lemma obtain_extension_offsets:
  fixes b :: nat and S :: "nat set"
  assumes "b \<ge> 2" and "finite S" and S: "\<forall>s\<in>S. 0 < s \<and> b dvd s"
  obtains \<beta> z where "0 < \<beta>" and "0 < z"
    and "\<forall>s\<in>S. b * (b - 1) * s dvd \<beta> + z"
    and "\<forall>s\<in>S. pre_adj b z (\<beta> + z + s)"
proof -
  have "0 < \<Prod>S" using assms(2) S by (simp add: prod_pos)
  then obtain Y e where "0 < Y" "coprime Y b" and L: "\<Prod>S dvd Y * b ^ e"
    by (rule obtain_coprime_cofactor)
  define \<beta> where "\<beta> = (b - 1) * Y"
  define P where "P = (\<Prod>s\<in>S. s + \<beta>)"
  have "0 < \<beta>" using assms(1) \<open>0 < Y\<close> by (simp add: \<beta>_def)
  have "coprime \<beta> b"
    using \<open>coprime Y b\<close> coprime_diff_one_left_nat[of b] assms(1) by (simp add: \<beta>_def)
  then have "coprime P (b ^ Suc e)"
    unfolding P_def using S by (simp add: prod_coprime_left coprime_add_dvd_left)
  moreover have "0 < b ^ Suc e" using assms(1) by simp
  ultimately obtain v where v: "b ^ Suc e dvd P * v + 1"
    by (rule obtain_mult_plus_one_dvd)
  have "b ^ 1 \<le> b ^ Suc e"
    using assms(1) by (intro power_increasing) auto
  then have "0 < v" using v assms(1) by (cases v) auto
  moreover have "0 < P" unfolding P_def using \<open>0 < \<beta>\<close> by (simp add: prod_pos)
  ultimately have "0 < \<beta> * (P * v)" using \<open>0 < \<beta>\<close> by simp
  have "\<forall>s\<in>S. b dvd s" using S by blast
  from extension_offsets[OF \<beta>_def refl assms(2) this \<open>0 < \<beta>\<close> L v[unfolded P_def]]
  show ?thesis
    using that \<open>0 < \<beta>\<close> \<open>0 < \<beta> * (P * v)\<close> unfolding P_def by blast
qed

lemma pre_clique_extend:
  assumes "b \<ge> 2" and "finite S" and "0 \<notin> S" and "pre_clique b S"
  obtains T where "finite T" and "card T = Suc (card S)" and "0 \<notin> T" and "pre_clique b T"
proof -
  define S' where "S' = (*) b ` S"
  have "finite S'" "card S' = card S" "pre_clique b S'"
    using assms pre_clique_image_mult[OF assms(4)] unfolding S'_def
    by (auto simp: card_image inj_on_def)
  moreover have "\<forall>s\<in>S'. 0 < s \<and> b dvd s"
    using assms(1,3) unfolding S'_def by (auto intro: gr0I)
  ultimately obtain \<beta> z where "0 < \<beta>" "0 < z"
    and "\<forall>s\<in>S'. b * (b - 1) * s dvd \<beta> + z" and "\<forall>s\<in>S'. pre_adj b z (\<beta> + z + s)"
    using obtain_extension_offsets[OF assms(1)] by metis
  define T where "T = insert z ((+) (\<beta> + z) ` S')"
  have "z \<notin> (+) (\<beta> + z) ` S'"
    using \<open>0 < \<beta>\<close> by auto
  then have "card T = Suc (card S)"
    unfolding T_def using \<open>finite S'\<close> \<open>card S' = card S\<close> by (simp add: card_image)
  moreover have "pre_clique b T"
    unfolding T_def using \<open>pre_clique b S'\<close> \<open>\<forall>s\<in>S'. b * (b - 1) * s dvd \<beta> + z\<close>
      \<open>\<forall>s\<in>S'. pre_adj b z (\<beta> + z + s)\<close>
    by (intro pre_clique_insert pre_clique_image_add) (auto simp: add.assoc)
  moreover have "finite T" "0 \<notin> T"
    unfolding T_def using \<open>finite S'\<close> \<open>0 < z\<close> by auto
  ultimately show ?thesis using that by blast
qed

lemma pre_clique_exists:
  assumes "b \<ge> 2"
  obtains S where "finite S" and "card S = k" and "0 \<notin> S" and "pre_clique b S"
proof (induction k arbitrary: thesis)
  case 0
  then show ?case by (simp add: pre_clique_def)
next
  case (Suc k)
  then obtain S where "finite S" "card S = k" "0 \<notin> S" "pre_clique b S" by blast
  then show ?case
    using pre_clique_extend[OF assms] Suc.prems by metis
qed

lemma G_clique_in_every_window:
  assumes "b \<ge> 2" and "a = b * (b - 1)"
  shows "\<exists>H \<ge> 1. \<forall>n. \<exists>S. S \<subseteq> {n + 1..n + H} \<and> card S = k \<and> G_clique a b a (b - 1) S"
proof -
  obtain S where "finite S" "card S = k" "0 \<notin> S" "pre_clique b S"
    using pre_clique_exists[OF assms(1)] .
  define L where "L = \<Prod>S"
  have "0 < L" unfolding L_def using \<open>finite S\<close> \<open>0 \<notin> S\<close> by (auto intro: prod_pos gr0I)
  have L_dvd: "s dvd L" if "s \<in> S" for s
    unfolding L_def using \<open>finite S\<close> that by (rule dvd_prodI)
  have "0 < a * L" using assms \<open>0 < L\<close> by simp
  have "\<exists>S'. S' \<subseteq> {n + 1..n + (a * L + L)} \<and> card S' = k \<and> G_clique a b a (b - 1) S'" for n
  proof -
    obtain Q where "a * L dvd Q" "n < Q" "Q \<le> n + a * L"
      using \<open>0 < a * L\<close> by (rule exists_multiple_in_window)
    have "\<forall>s\<in>S. a * s dvd Q"
    proof
      fix s assume "s \<in> S"
      then have "a * s dvd a * L" by (simp add: L_dvd)
      then show "a * s dvd Q" using \<open>a * L dvd Q\<close> by (rule dvd_trans)
    qed
    then have "G_clique a b a (b - 1) ((+) Q ` S)"
      using G_clique_image_add[OF assms \<open>pre_clique b S\<close>] \<open>n < Q\<close> by simp
    moreover have "(+) Q ` S \<subseteq> {n + 1..n + (a * L + L)}"
    proof
      fix x assume "x \<in> (+) Q ` S"
      then obtain s where "s \<in> S" "x = Q + s" by blast
      moreover have "s \<le> L" using L_dvd[OF \<open>s \<in> S\<close>] \<open>0 < L\<close> by (rule dvd_imp_le)
      ultimately show "x \<in> {n + 1..n + (a * L + L)}"
        using \<open>n < Q\<close> \<open>Q \<le> n + a * L\<close> by simp
    qed
    moreover have "card ((+) Q ` S) = k"
      using \<open>card S = k\<close> by (simp add: card_image)
    ultimately show ?thesis by blast
  qed
  then show ?thesis by (intro exI[of _ "a * L + L"]) (use \<open>0 < L\<close> in auto)
qed

theorem proposition3p4:
  fixes a b :: nat
  assumes "a \<ge> 1" and "b \<ge> 2" and "a = b * (b - 1)"
  shows "(\<forall>k::nat. k \<ge> 2 \<longrightarrow> (\<exists>H::nat. H \<ge> 1 \<and>
            (\<forall>n::nat. \<exists>S. S \<subseteq> {n+1..n+H} \<and> card S = k \<and>
                 G_clique a b a (b - 1) S)))
       \<and> (\<forall>k::nat. \<exists>S. finite S \<and> card S = k \<and> G_clique a b a (b - 1) S)"
proof (intro conjI allI impI)
  fix k :: nat
  show "\<exists>H \<ge> 1. \<forall>n. \<exists>S. S \<subseteq> {n + 1..n + H} \<and> card S = k \<and> G_clique a b a (b - 1) S"
    using G_clique_in_every_window[OF assms(2,3)] .
next
  fix k :: nat
  obtain H where "\<forall>n. \<exists>S. S \<subseteq> {n + 1..n + H} \<and> card S = k \<and> G_clique a b a (b - 1) S"
    using G_clique_in_every_window[OF assms(2,3)] by blast
  then obtain S where "S \<subseteq> {1..H}" "card S = k" "G_clique a b a (b - 1) S"
    by (metis add_0)
  moreover have "finite S" using \<open>S \<subseteq> {1..H}\<close> by (rule finite_subset) simp
  ultimately show "\<exists>S. finite S \<and> card S = k \<and> G_clique a b a (b - 1) S"
    by blast
qed

end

*-*-*

**WORK TO BE COMPLETED**
Go through the records above, find every line with the word "define", and list those lines.

**RESPONSE FOR THIS EXERCISE**
  define \<beta> where "\<beta> = (b - 1) * Y"
  define P where "P = (\<Prod>s\<in>S. s + \<beta>)"
  define S' where "S' = (*) b ` S"
  define T where "T = insert z ((+) (\<beta> + z) ` S')"
  define L where "L = \<Prod>S"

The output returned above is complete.